***** DATA UNDER STUDY *****
(* Let $\varphi$ be a metric formula built only with non-empty intervals $[m,n)$ ($m<n$), let $(\langle \mathbf{H},\mathbf{T}\rangle,\tau)$ be a strict timed HT-trace of length $\lambda>0$, let $\langle D,H,T\rangle$ be its corresponding $QHT[\preccurlyeq_\delta]$ interpretation, and let $i\in[0,\lambda)$. Then $$(\langle \mathbf{H},\mathbf{T}\rangle,\tau),i\models\varphi \iff \langle D,H,T\rangle\models[\varphi]_{\tau(i)},$$ $$(\langle \mathbf{T},\mathbf{T}\rangle,\tau),i\models\varphi \iff \langle D,T,T\rangle\models[\varphi]_{\tau(i)}.$$
   Context: Metric formulas over an alphabet $\mathcal{A}$: $\varphi ::= p \mid \bot \mid \varphi_1\otimes\varphi_2 \mid \bullet_I\varphi \mid \varphi_1\,\mathsf{S}_I\,\varphi_2 \mid \varphi_1\,\mathsf{T}_I\,\varphi_2 \mid \bigcirc_I\varphi \mid \varphi_1\,\mathsf{U}_I\,\varphi_2 \mid \varphi_1\,\mathsf{R}_I\,\varphi_2$, with $p\in\mathcal{A}$, $\otimes\in\{\to,\wedge,\vee\}$, $I=[m,n)$, $m\in\mathbb{N}$, $n\in\mathbb{N}\cup\{\omega\}$ (previous, since, trigger, next, until, release). Derived: $\neg\varphi=\varphi\to\bot$, $\top=\neg\bot$, weak previous $\widehat{\bullet}_I\varphi=\bullet_I\varphi\vee\neg\bullet_I\top$, weak next $\widehat{\bigcirc}_I\varphi=\bigcirc_I\varphi\vee\neg\bigcirc_I\top$. A timed HT-trace of length $\lambda\in\mathbb{N}\cup\{\omega\}$ is $(\langle\mathbf{H},\mathbf{T}\rangle,\tau)$ with $\mathbf{H}=(H_i)_{i\in[0,\lambda)}$, $\mathbf{T}=(T_i)_{i\in[0,\lambda)}$, $H_i\subseteq T_i\subseteq\mathcal{A}$, and $\tau:[0,\lambda)\to\mathbb{N}$, $\tau(0)=0$, $\tau(i)\le\tau(i+1)$; it is strict if $\tau(i)<\tau(i+1)$ whenever $i+1<\lambda$. Satisfaction at $k\in[0,\lambda)$ for $\mathbf{M}=(\langle\mathbf{H},\mathbf{T}\rangle,\tau)$: $\mathbf{M},k\not\models\bot$; $\mathbf{M},k\models p$ iff $p\in H_k$; $\wedge,\vee$ as usual; $\mathbf{M},k\models\varphi\to\psi$ iff for both $\mathbf{M}'=\mathbf{M}$ and $\mathbf{M}'=(\langle\mathbf{T},\mathbf{T}\rangle,\tau)$, $\mathbf{M}',k\not\models\varphi$ or $\mathbf{M}',k\models\psi$; $\bullet_I\varphi$: $k>0$, $\mathbf{M},k-1\models\varphi$ and $\tau(k)-\tau(k-1)\in I$; $\varphi\,\mathsf{S}_I\,\psi$: for some $j\in[0,k]$ with $\tau(k)-\tau(j)\in I$, $\mathbf{M},j\models\psi$ and $\mathbf{M},i\models\varphi$ for all $i\in(j,k]$; $\varphi\,\mathsf{T}_I\,\psi$: for all $j\in[0,k]$ with $\tau(k)-\tau(j)\in I$, $\mathbf{M},j\models\psi$ or $\mathbf{M},i\models\varphi$ for some $i\in(j,k]$; $\bigcirc_I\varphi$: $k+1<\lambda$, $\mathbf{M},k+1\models\varphi$, $\tau(k+1)-\tau(k)\in I$; $\varphi\,\mathsf{U}_I\,\psi$: for some $j\in[k,\lambda)$ with $\tau(j)-\tau(k)\in I$, $\mathbf{M},j\models\psi$ and $\mathbf{M},i\models\varphi$ for all $i\in[k,j)$; $\varphi\,\mathsf{R}_I\,\psi$: for all $j\in[k,\lambda)$ with $\tau(j)-\tau(k)\in I$, $\mathbf{M},j\models\psi$ or $\mathbf{M},i\models\varphi$ for some $i\in[k,j)$. $QHT[\preccurlyeq_\delta]$: function-free first-order language with constant $0$, monadic predicates $p/1$ for $p\in\mathcal{A}$, and binary predicates $\preccurlyeq_\delta$, $\delta\in\mathbb{Z}\cup\{\omega\}$. An interpretation is $\langle D,H,T\rangle$ with $0\in D\subseteq\mathbb{N}$, $H\subseteq T\subseteq\{p(d)\mid p\in\mathcal{A},d\in D\}$. Satisfaction: $\langle D,H,T\rangle\models p(t)$ iff $p(t)\in H$; $\models t_1\preccurlyeq_\delta t_2$ iff $t_1-t_2\le\delta$; $\wedge,\vee$ as usual; $\models\varphi\to\psi$ iff for $X\in\{H,T\}$, $\langle D,X,T\rangle\not\models\varphi$ or $\langle D,X,T\rangle\models\psi$; $\forall x\,\varphi(x)$ iff $\varphi(t)$ holds for all $t\in D$; $\exists x\,\varphi(x)$ iff for some $t\in D$. Abbreviations: $x\prec_\delta y:=\neg(y\preccurlyeq_{-\delta}x)$, $x\le y:=x\preccurlyeq_0 y$, $x=y:=x\le y\wedge y\le x$, $x<y:=x\le y\wedge\neg(x=y)$, and $x\odot y\oplus z$ means $x\odot y\wedge y\oplus z$. Translation $[\cdot]_x$ (each quantifier introducing a fresh variable), for $I=[m,n)$: $[\bot]_x=\bot$; $[p]_x=p(x)$; $[\varphi\otimes\psi]_x=[\varphi]_x\otimes[\psi]_x$; $[\bigcirc_{[m,n)}\psi]_x=\exists y(x<y\wedge\neg\exists z\,(x<z<y)\wedge x\preccurlyeq_{-m}y\prec_n x\wedge[\psi]_y)$; $[\widehat{\bigcirc}_{[m,n)}\psi]_x=\forall y(x<y\wedge\neg\exists z\,(x<z<y)\wedge x\preccurlyeq_{-m}y\prec_n x\to[\psi]_y)$; $[\varphi\,\mathsf{U}_{[m,n)}\,\psi]_x=\exists y(x\le y\wedge x\preccurlyeq_{-m}y\prec_n x\wedge[\psi]_y\wedge\forall z(x\le z<y\to[\varphi]_z))$; $[\varphi\,\mathsf{R}_{[m,n)}\,\psi]_x=\forall y((x\le y\wedge x\preccurlyeq_{-m}y\prec_n x)\to([\psi]_y\vee\exists z(x\le z<y\wedge[\varphi]_z)))$; $[\bullet_{[m,n)}\psi]_x=\exists y(y<x\wedge\neg\exists z(y<z<x)\wedge x\prec_n y\preccurlyeq_{-m}x\wedge[\psi]_y)$; $[\widehat{\bullet}_{[m,n)}\psi]_x=\forall y((y<x\wedge\neg\exists z(y<z<x)\wedge x\prec_n y\preccurlyeq_{-m}x)\to[\psi]_y)$; $[\varphi\,\mathsf{S}_{[m,n)}\,\psi]_x=\exists y(y\le x\wedge x\prec_n y\preccurlyeq_{-m}x\wedge[\psi]_y\wedge\forall z(y<z\le x\to[\varphi]_z))$; $[\varphi\,\mathsf{T}_{[m,n)}\,\psi]_x=\forall y((y\le x\wedge x\prec_n y\preccurlyeq_{-m}x)\to([\psi]_y\vee\exists z(y<z\le x\wedge[\varphi]_z)))$. The interpretation corresponding to $(\langle\mathbf{H},\mathbf{T}\rangle,\tau)$ of length $\lambda>0$ is $\langle D,H,T\rangle$ with $D=\{\tau(i)\mid i\in[0,\lambda)\}$, $H=\{p(\tau(i))\mid i\in[0,\lambda),p\in H_i\}$, $T=\{p(\tau(i))\mid i\in[0,\lambda),p\in T_i\}$. *)

theory Defs
  imports Main "HOL-Library.Extended_Nat"
begin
*****
WORK ITEM
The full material has to be written out again exactly as shown.

RESPONSE
(* Let $\varphi$ be a metric formula built only with non-empty intervals $[m,n)$ ($m<n$), let $(\langle \mathbf{H},\mathbf{T}\rangle,\tau)$ be a strict timed HT-trace of length $\lambda>0$, let $\langle D,H,T\rangle$ be its corresponding $QHT[\preccurlyeq_\delta]$ interpretation, and let $i\in[0,\lambda)$. Then $$(\langle \mathbf{H},\mathbf{T}\rangle,\tau),i\models\varphi \iff \langle D,H,T\rangle\models[\varphi]_{\tau(i)},$$ $$(\langle \mathbf{T},\mathbf{T}\rangle,\tau),i\models\varphi \iff \langle D,T,T\rangle\models[\varphi]_{\tau(i)}.$$
   Context: Metric formulas over an alphabet $\mathcal{A}$: $\varphi ::= p \mid \bot \mid \varphi_1\otimes\varphi_2 \mid \bullet_I\varphi \mid \varphi_1\,\mathsf{S}_I\,\varphi_2 \mid \varphi_1\,\mathsf{T}_I\,\varphi_2 \mid \bigcirc_I\varphi \mid \varphi_1\,\mathsf{U}_I\,\varphi_2 \mid \varphi_1\,\mathsf{R}_I\,\varphi_2$, with $p\in\mathcal{A}$, $\otimes\in\{\to,\wedge,\vee\}$, $I=[m,n)$, $m\in\mathbb{N}$, $n\in\mathbb{N}\cup\{\omega\}$ (previous, since, trigger, next, until, release). Derived: $\neg\varphi=\varphi\to\bot$, $\top=\neg\bot$, weak previous $\widehat{\bullet}_I\varphi=\bullet_I\varphi\vee\neg\bullet_I\top$, weak next $\widehat{\bigcirc}_I\varphi=\bigcirc_I\varphi\vee\neg\bigcirc_I\top$. A timed HT-trace of length $\lambda\in\mathbb{N}\cup\{\omega\}$ is $(\langle\mathbf{H},\mathbf{T}\rangle,\tau)$ with $\mathbf{H}=(H_i)_{i\in[0,\lambda)}$, $\mathbf{T}=(T_i)_{i\in[0,\lambda)}$, $H_i\subseteq T_i\subseteq\mathcal{A}$, and $\tau:[0,\lambda)\to\mathbb{N}$, $\tau(0)=0$, $\tau(i)\le\tau(i+1)$; it is strict if $\tau(i)<\tau(i+1)$ whenever $i+1<\lambda$. Satisfaction at $k\in[0,\lambda)$ for $\mathbf{M}=(\langle\mathbf{H},\mathbf{T}\rangle,\tau)$: $\mathbf{M},k\not\models\bot$; $\mathbf{M},k\models p$ iff $p\in H_k$; $\wedge,\vee$ as usual; $\mathbf{M},k\models\varphi\to\psi$ iff for both $\mathbf{M}'=\mathbf{M}$ and $\mathbf{M}'=(\langle\mathbf{T},\mathbf{T}\rangle,\tau)$, $\mathbf{M}',k\not\models\varphi$ or $\mathbf{M}',k\models\psi$; $\bullet_I\varphi$: $k>0$, $\mathbf{M},k-1\models\varphi$ and $\tau(k)-\tau(k-1)\in I$; $\varphi\,\mathsf{S}_I\,\psi$: for some $j\in[0,k]$ with $\tau(k)-\tau(j)\in I$, $\mathbf{M},j\models\psi$ and $\mathbf{M},i\models\varphi$ for all $i\in(j,k]$; $\varphi\,\mathsf{T}_I\,\psi$: for all $j\in[0,k]$ with $\tau(k)-\tau(j)\in I$, $\mathbf{M},j\models\psi$ or $\mathbf{M},i\models\varphi$ for some $i\in(j,k]$; $\bigcirc_I\varphi$: $k+1<\lambda$, $\mathbf{M},k+1\models\varphi$, $\tau(k+1)-\tau(k)\in I$; $\varphi\,\mathsf{U}_I\,\psi$: for some $j\in[k,\lambda)$ with $\tau(j)-\tau(k)\in I$, $\mathbf{M},j\models\psi$ and $\mathbf{M},i\models\varphi$ for all $i\in[k,j)$; $\varphi\,\mathsf{R}_I\,\psi$: for all $j\in[k,\lambda)$ with $\tau(j)-\tau(k)\in I$, $\mathbf{M},j\models\psi$ or $\mathbf{M},i\models\varphi$ for some $i\in[k,j)$. $QHT[\preccurlyeq_\delta]$: function-free first-order language with constant $0$, monadic predicates $p/1$ for $p\in\mathcal{A}$, and binary predicates $\preccurlyeq_\delta$, $\delta\in\mathbb{Z}\cup\{\omega\}$. An interpretation is $\langle D,H,T\rangle$ with $0\in D\subseteq\mathbb{N}$, $H\subseteq T\subseteq\{p(d)\mid p\in\mathcal{A},d\in D\}$. Satisfaction: $\langle D,H,T\rangle\models p(t)$ iff $p(t)\in H$; $\models t_1\preccurlyeq_\delta t_2$ iff $t_1-t_2\le\delta$; $\wedge,\vee$ as usual; $\models\varphi\to\psi$ iff for $X\in\{H,T\}$, $\langle D,X,T\rangle\not\models\varphi$ or $\langle D,X,T\rangle\models\psi$; $\forall x\,\varphi(x)$ iff $\varphi(t)$ holds for all $t\in D$; $\exists x\,\varphi(x)$ iff for some $t\in D$. Abbreviations: $x\prec_\delta y:=\neg(y\preccurlyeq_{-\delta}x)$, $x\le y:=x\preccurlyeq_0 y$, $x=y:=x\le y\wedge y\le x$, $x<y:=x\le y\wedge\neg(x=y)$, and $x\odot y\oplus z$ means $x\odot y\wedge y\oplus z$. Translation $[\cdot]_x$ (each quantifier introducing a fresh variable), for $I=[m,n)$: $[\bot]_x=\bot$; $[p]_x=p(x)$; $[\varphi\otimes\psi]_x=[\varphi]_x\otimes[\psi]_x$; $[\bigcirc_{[m,n)}\psi]_x=\exists y(x<y\wedge\neg\exists z\,(x<z<y)\wedge x\preccurlyeq_{-m}y\prec_n x\wedge[\psi]_y)$; $[\widehat{\bigcirc}_{[m,n)}\psi]_x=\forall y(x<y\wedge\neg\exists z\,(x<z<y)\wedge x\preccurlyeq_{-m}y\prec_n x\to[\psi]_y)$; $[\varphi\,\mathsf{U}_{[m,n)}\,\psi]_x=\exists y(x\le y\wedge x\preccurlyeq_{-m}y\prec_n x\wedge[\psi]_y\wedge\forall z(x\le z<y\to[\varphi]_z))$; $[\varphi\,\mathsf{R}_{[m,n)}\,\psi]_x=\forall y((x\le y\wedge x\preccurlyeq_{-m}y\prec_n x)\to([\psi]_y\vee\exists z(x\le z<y\wedge[\varphi]_z)))$; $[\bullet_{[m,n)}\psi]_x=\exists y(y<x\wedge\neg\exists z(y<z<x)\wedge x\prec_n y\preccurlyeq_{-m}x\wedge[\psi]_y)$; $[\widehat{\bullet}_{[m,n)}\psi]_x=\forall y((y<x\wedge\neg\exists z(y<z<x)\wedge x\prec_n y\preccurlyeq_{-m}x)\to[\psi]_y)$; $[\varphi\,\mathsf{S}_{[m,n)}\,\psi]_x=\exists y(y\le x\wedge x\prec_n y\preccurlyeq_{-m}x\wedge[\psi]_y\wedge\forall z(y<z\le x\to[\varphi]_z))$; $[\varphi\,\mathsf{T}_{[m,n)}\,\psi]_x=\forall y((y\le x\wedge x\prec_n y\preccurlyeq_{-m}x)\to([\psi]_y\vee\exists z(y<z\le x\wedge[\varphi]_z)))$. The interpretation corresponding to $(\langle\mathbf{H},\mathbf{T}\rangle,\tau)$ of length $\lambda>0$ is $\langle D,H,T\rangle$ with $D=\{\tau(i)\mid i\in[0,\lambda)\}$, $H=\{p(\tau(i))\mid i\in[0,\lambda),p\in H_i\}$, $T=\{p(\tau(i))\mid i\in[0,\lambda),p\in T_i\}$. *)

theory Defs
  imports Main "HOL-Library.Extended_Nat"
begin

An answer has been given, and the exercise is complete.